Exercise — In the entries below, find the string "assoc" and return each line holding it.

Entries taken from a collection
(* Let $n\ge1$, $\sigma^2>0$, $\alpha>0$, $Y$ a random vector in $\mathbb{R}^n$, and $\omega\sim\mathcal{N}(0,\sigma^2I_n)$ independent of $Y$. Let $g:\mathbb{R}^n\to\mathbb{R}^n$ be such that the quantities below are well defined. Define $$\overline{\mathrm{CV}}_\alpha=\big\|Y-\mathbb{E}[g(Y+\sqrt\alpha\,\omega)\mid Y]\big\|_2^2+\frac{2}{\sqrt\alpha}\,\mathbb{E}\big[\omega^\top g(Y+\sqrt\alpha\,\omega)\mid Y\big].$$ Then $\overline{\mathrm{CV}}_\alpha=\mathrm{SURE}(g*\varphi_{\alpha\sigma^2})$.
   Context: $\varphi_{s}$ is the density of $\mathcal{N}(0,sI_n)$, and $g*\varphi_s(y)=\int g(y-z)\varphi_s(z)\,\mathrm{d}z$ (componentwise). For a differentiable $h:\mathbb{R}^n\to\mathbb{R}^n$, Stein's unbiased risk estimate is $\mathrm{SURE}(h)=\|Y-h(Y)\|_2^2+2\sigma^2\,\nabla\cdot h(Y)$, where $\nabla\cdot h=\sum_{i=1}^n\partial h_i/\partial y_i$ is the divergence. *)

theory Defs
  imports "HOL-Analysis.Analysis"
begin

definition gauss_density :: "real \<Rightarrow> real^'n \<Rightarrow> real" where
  "gauss_density s z = (2 * pi * s) powr (- real CARD('n) / 2) * exp (- (norm z)\<^sup>2 / (2 * s))"

definition gauss_conv :: "(real^'n \<Rightarrow> real^'n) \<Rightarrow> real \<Rightarrow> real^'n \<Rightarrow> real^'n" where
  "gauss_conv g s y = (\<integral>z. gauss_density s z *\<^sub>R g (y - z) \<partial>lborel)"

definition divergence :: "(real^'n \<Rightarrow> real^'n) \<Rightarrow> real^'n \<Rightarrow> real" where
  "divergence h y = (\<Sum>i\<in>UNIV. deriv (\<lambda>t. h (y + t *\<^sub>R axis i 1) $ i) 0)"

definition SURE :: "real \<Rightarrow> (real^'n \<Rightarrow> real^'n) \<Rightarrow> real^'n \<Rightarrow> real" where
  "SURE sigma2 h y = (norm (y - h y))\<^sup>2 + 2 * sigma2 * divergence h y"

end

theory Submission
  imports Defs
begin

text \<open>Write s = alpha sigma2. The substitution z = - sqrt alpha w turns both Gaussian averages
  into integrals against phi_s: the first becomes the convolution (g * phi_s)(y), the second becomes
  -(1 / sqrt alpha) times the integral of phi_s(z) (z \<bullet> g(y - z)). On the other side, shifting
  y by t e_i in the convolution is the same as shifting the density, and
  phi_s(z + t e_i) = phi_s(z) exp(- t z_i / s - t^2 / (2 s)); differentiating at t = 0 under the
  integral sign (Stein's identity) gives
  divergence (g * phi_s)(y) = -(1/s) times the integral of phi_s(z) (z \<bullet> g(y - z)).
  The exchange of derivative and integral rests on a quadratic bound for the remainder of this
  exponential, with majorant phi_s(z) exp(2 |z_i| / s) |g(y - z)|, which is integrable because
  it is dominated by two shifted copies of phi_s |g(y - .)|.\<close>

lemma has_real_derivative_at_0_if_quadratic_remainder:
  fixes F :: "real \<Rightarrow> real"
  assumes "\<And>t. \<bar>t\<bar> \<le> 1 \<Longrightarrow> \<bar>F t - F 0 - t * D\<bar> \<le> M * t\<^sup>2"
  shows "(F has_real_derivative D) (at 0)"
proof -
  have "\<bar>(F t - F 0) / t - D\<bar> \<le> \<bar>M\<bar> * \<bar>t\<bar>" if "t \<noteq> 0" "\<bar>t\<bar> \<le> 1" for t
  proof -
    have "\<bar>(F t - F 0) / t - D\<bar> = \<bar>F t - F 0 - t * D\<bar> / \<bar>t\<bar>"
      using \<open>t \<noteq> 0\<close> by (simp add: diff_divide_distrib flip: abs_divide)
    also have "\<dots> \<le> M * t\<^sup>2 / \<bar>t\<bar>"
      using assms[OF \<open>\<bar>t\<bar> \<le> 1\<close>] by (rule divide_right_mono) simp
    also have "\<dots> = M * \<bar>t\<bar>"
      using \<open>t \<noteq> 0\<close> by (cases "t \<ge> 0") (simp_all add: power2_eq_square)
    also have "\<dots> \<le> \<bar>M\<bar> * \<bar>t\<bar>"
      by (simp add: mult_right_mono)
    finally show ?thesis .
  qed
  then have "eventually (\<lambda>t. norm ((F t - F 0) / (t - 0) - D) \<le> \<bar>M\<bar> * \<bar>t\<bar>) (at 0)"
    unfolding eventually_at by (intro exI[of _ 1]) (auto simp: dist_real_def)
  moreover have "((\<lambda>t. \<bar>M\<bar> * \<bar>t\<bar>) \<longlongrightarrow> 0) (at 0)"
    by (auto intro!: tendsto_eq_intros)
  ultimately have "((\<lambda>t. (F t - F 0) / (t - 0) - D) \<longlongrightarrow> 0) (at 0)"
    by (rule Lim_null_comparison)
  then show ?thesis
    unfolding has_field_derivative_iff LIM_zero_iff .
qed

lemma has_real_derivative_integral_quadratic_remainder:
  fixes A :: "real \<Rightarrow> 'a \<Rightarrow> real"
  assumes "\<And>t. integrable M (A t)" and "integrable M D" and "integrable M B"
    and "\<And>t x. \<bar>t\<bar> \<le> 1 \<Longrightarrow> \<bar>A t x - A 0 x - t * D x\<bar> \<le> t\<^sup>2 * B x"
  shows "((\<lambda>t. \<integral>x. A t x \<partial>M) has_real_derivative (\<integral>x. D x \<partial>M)) (at 0)"
proof (rule has_real_derivative_at_0_if_quadratic_remainder)
  fix t :: real
  assume t: "\<bar>t\<bar> \<le> 1"
  have int: "integrable M (\<lambda>x. A t x - A 0 x - t * D x)"
    using assms(1,2) by simp
  have "\<bar>(\<integral>x. A t x \<partial>M) - (\<integral>x. A 0 x \<partial>M) - t * (\<integral>x. D x \<partial>M)\<bar>
      = \<bar>\<integral>x. A t x - A 0 x - t * D x \<partial>M\<bar>"
    using assms(1,2) by (simp add: integral_diff)
  also have "\<dots> \<le> (\<integral>x. \<bar>A t x - A 0 x - t * D x\<bar> \<partial>M)"
    by (rule integral_abs_bound)
  also have "\<dots> \<le> (\<integral>x. t\<^sup>2 * B x \<partial>M)"
    by (intro integral_mono integrable_abs int integrable_mult_right assms(3) assms(4)[OF t])
  also have "\<dots> = (\<integral>x. B x \<partial>M) * t\<^sup>2"
    by (simp add: mult.commute)
  finally show "\<bar>(\<integral>x. A t x \<partial>M) - (\<integral>x. A 0 x \<partial>M) - t * (\<integral>x. D x \<partial>M)\<bar>
      \<le> (\<integral>x. B x \<partial>M) * t\<^sup>2" .
qed

lemma abs_exp_minus_one_minus_le: "\<bar>exp q - 1 - q\<bar> \<le> q\<^sup>2 * exp \<bar>q\<bar>"
  for q :: real
proof -
  obtain \<xi> where \<xi>: "\<bar>\<xi>\<bar> \<le> \<bar>q\<bar>" "exp q = (\<Sum>m<2. q ^ m / fact m) + exp \<xi> / fact 2 * q ^ 2"
    using Maclaurin_exp_le[of q 2] by blast
  have "exp \<xi> \<le> exp \<bar>q\<bar>"
    using \<xi>(1) by simp
  then have "exp \<xi> / 2 \<le> exp \<bar>q\<bar>"
    using exp_gt_zero[of \<xi>] by linarith
  have "\<bar>exp q - 1 - q\<bar> = exp \<xi> / 2 * q\<^sup>2"
    using \<xi>(2) by (simp add: eval_nat_numeral)
  also have "\<dots> \<le> exp \<bar>q\<bar> * q\<^sup>2"
    using \<open>exp \<xi> / 2 \<le> exp \<bar>q\<bar>\<close> by (rule mult_right_mono) simp
  finally show ?thesis
    by (simp only: mult.commute)
qed

lemma nn_integral_lborel_affine:
  fixes t :: "'a::euclidean_space" and f :: "'a \<Rightarrow> ennreal"
  assumes [measurable]: "f \<in> borel_measurable borel" and c: "c \<noteq> 0"
  shows "(\<integral>\<^sup>+x. f x \<partial>lborel) = ennreal (\<bar>c\<bar> ^ DIM('a)) * (\<integral>\<^sup>+x. f (t + c *\<^sub>R x) \<partial>lborel)"
  by (subst lborel_affine[OF c, of t])
     (simp add: nn_integral_density nn_integral_distr nn_integral_cmult)

lemma lborel_integrable_affine:
  fixes f :: "'a::euclidean_space \<Rightarrow> 'b::{banach, second_countable_topology}"
  assumes f: "integrable lborel f" and c: "c \<noteq> 0"
  shows "integrable lborel (\<lambda>x. f (t + c *\<^sub>R x))"
  using f c f[THEN borel_measurable_integrable] unfolding integrable_iff_bounded
  by (subst (asm) nn_integral_lborel_affine[where c=c and t=t]) (auto simp: ennreal_mult_less_top)

lemma lborel_integrable_affine_iff:
  fixes f :: "'a::euclidean_space \<Rightarrow> 'b::{banach, second_countable_topology}"
  assumes "c \<noteq> 0"
  shows "integrable lborel (\<lambda>x. f (t + c *\<^sub>R x)) \<longleftrightarrow> integrable lborel f"
  using assms lborel_integrable_affine[of f c t]
    lborel_integrable_affine[of "\<lambda>x. f (t + c *\<^sub>R x)" "1 / c" "- t /\<^sub>R c"]
  by (auto simp: field_simps)

lemma lborel_integral_affine:
  fixes f :: "'a::euclidean_space \<Rightarrow> 'b::{banach, second_countable_topology}"
  assumes c: "c \<noteq> 0"
  shows "(\<integral>x. f x \<partial>lborel) = \<bar>c\<bar> ^ DIM('a) *\<^sub>R (\<integral>x. f (t + c *\<^sub>R x) \<partial>lborel)"
proof cases
  assume f[measurable]: "integrable lborel f"
  then show ?thesis
    using c f[THEN borel_measurable_integrable] lborel_integrable_affine[OF f c, of t]
    by (subst lborel_affine[OF c, of t]) (simp add: integral_density integral_distr)
next
  assume "\<not> integrable lborel f"
  with c show ?thesis
    by (simp add: lborel_integrable_affine_iff not_integrable_integral_eq)
qed

lemma borel_measurable_vec_nth [measurable]:
  "f \<in> borel_measurable M \<Longrightarrow> (\<lambda>x. (f x :: real^'n) $ i) \<in> borel_measurable M"
  by (rule borel_measurable_continuous_on[of "\<lambda>v. v $ i"])
     (auto intro: linear_continuous_on bounded_linear_vec_nth)

lemma borel_measurable_gauss_density [measurable]: "gauss_density s \<in> borel_measurable borel"
  unfolding gauss_density_def by measurable

lemma gauss_density_pos: "s > 0 \<Longrightarrow> gauss_density s z > 0"
  unfolding gauss_density_def by simp

lemma gauss_density_nonneg: "gauss_density s z \<ge> 0"
  unfolding gauss_density_def by simp

lemma power2_norm_axis_add:
  fixes z :: "real^'n"
  shows "(norm (t *\<^sub>R axis i 1 + z))\<^sup>2 = t\<^sup>2 + 2 * t * z $ i + (norm z)\<^sup>2"
proof -
  have "(norm (t *\<^sub>R axis i 1 + z))\<^sup>2 = (t *\<^sub>R axis i 1 + z) \<bullet> (t *\<^sub>R axis i 1 + z)"
    by (rule power2_norm_eq_inner)
  also have "\<dots> = t\<^sup>2 * (axis i 1 \<bullet> axis i (1::real)) + 2 * t * (axis i 1 \<bullet> z) + z \<bullet> z"
    by (simp add: inner_add_left inner_add_right inner_commute[of z "axis i 1"] power2_eq_square algebra_simps)
  also have "\<dots> = t\<^sup>2 + 2 * t * z $ i + (norm z)\<^sup>2"
    by (simp add: inner_axis_axis inner_axis' power2_norm_eq_inner)
  finally show ?thesis .
qed

lemma gauss_density_translate_axis:
  fixes z :: "real^'n"
  assumes "s > 0"
  shows "gauss_density s (t *\<^sub>R axis i 1 + z)
    = gauss_density s z * exp (- t * z $ i / s - t\<^sup>2 / (2 * s))"
proof -
  have "- (norm (t *\<^sub>R axis i 1 + z))\<^sup>2 / (2 * s)
      = - (norm z)\<^sup>2 / (2 * s) + (- t * z $ i / s - t\<^sup>2 / (2 * s))"
    unfolding power2_norm_axis_add using assms by (simp add: field_simps)
  then show ?thesis
    unfolding gauss_density_def by (simp only: exp_add mult.assoc)
qed

lemma gauss_density_rescale:
  fixes w :: "real^'n"
  assumes "s > 0" and "c \<noteq> 0"
  shows "\<bar>c\<bar> ^ CARD('n) * gauss_density (c\<^sup>2 * s) (c *\<^sub>R w) = gauss_density s w"
proof -
  let ?e = "- real CARD('n) / 2"
  have "2 * pi * (c\<^sup>2 * s) = \<bar>c\<bar> powr 2 * (2 * pi * s)"
    by simp
  then have "(2 * pi * (c\<^sup>2 * s)) powr ?e = \<bar>c\<bar> powr (2 * ?e) * (2 * pi * s) powr ?e"
    by (simp only: powr_mult powr_powr)
  moreover have "\<bar>c\<bar> ^ CARD('n) * \<bar>c\<bar> powr (2 * ?e) = 1"
    using assms by (simp add: powr_minus powr_realpow)
  ultimately have "\<bar>c\<bar> ^ CARD('n) * (2 * pi * (c\<^sup>2 * s)) powr ?e = (2 * pi * s) powr ?e"
    by (simp only: mult.assoc[symmetric])
  moreover have "(norm (c *\<^sub>R w))\<^sup>2 / (2 * (c\<^sup>2 * s)) = (norm w)\<^sup>2 / (2 * s)"
    using assms by (simp add: power_mult_distrib)
  ultimately show ?thesis
    unfolding gauss_density_def by (simp add: mult.assoc)
qed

Exercise answer —
    unfolding gauss_density_def by (simp only: exp_add mult.assoc)
    by (simp only: mult.assoc[symmetric])
    unfolding gauss_density_def by (simp add: mult.assoc)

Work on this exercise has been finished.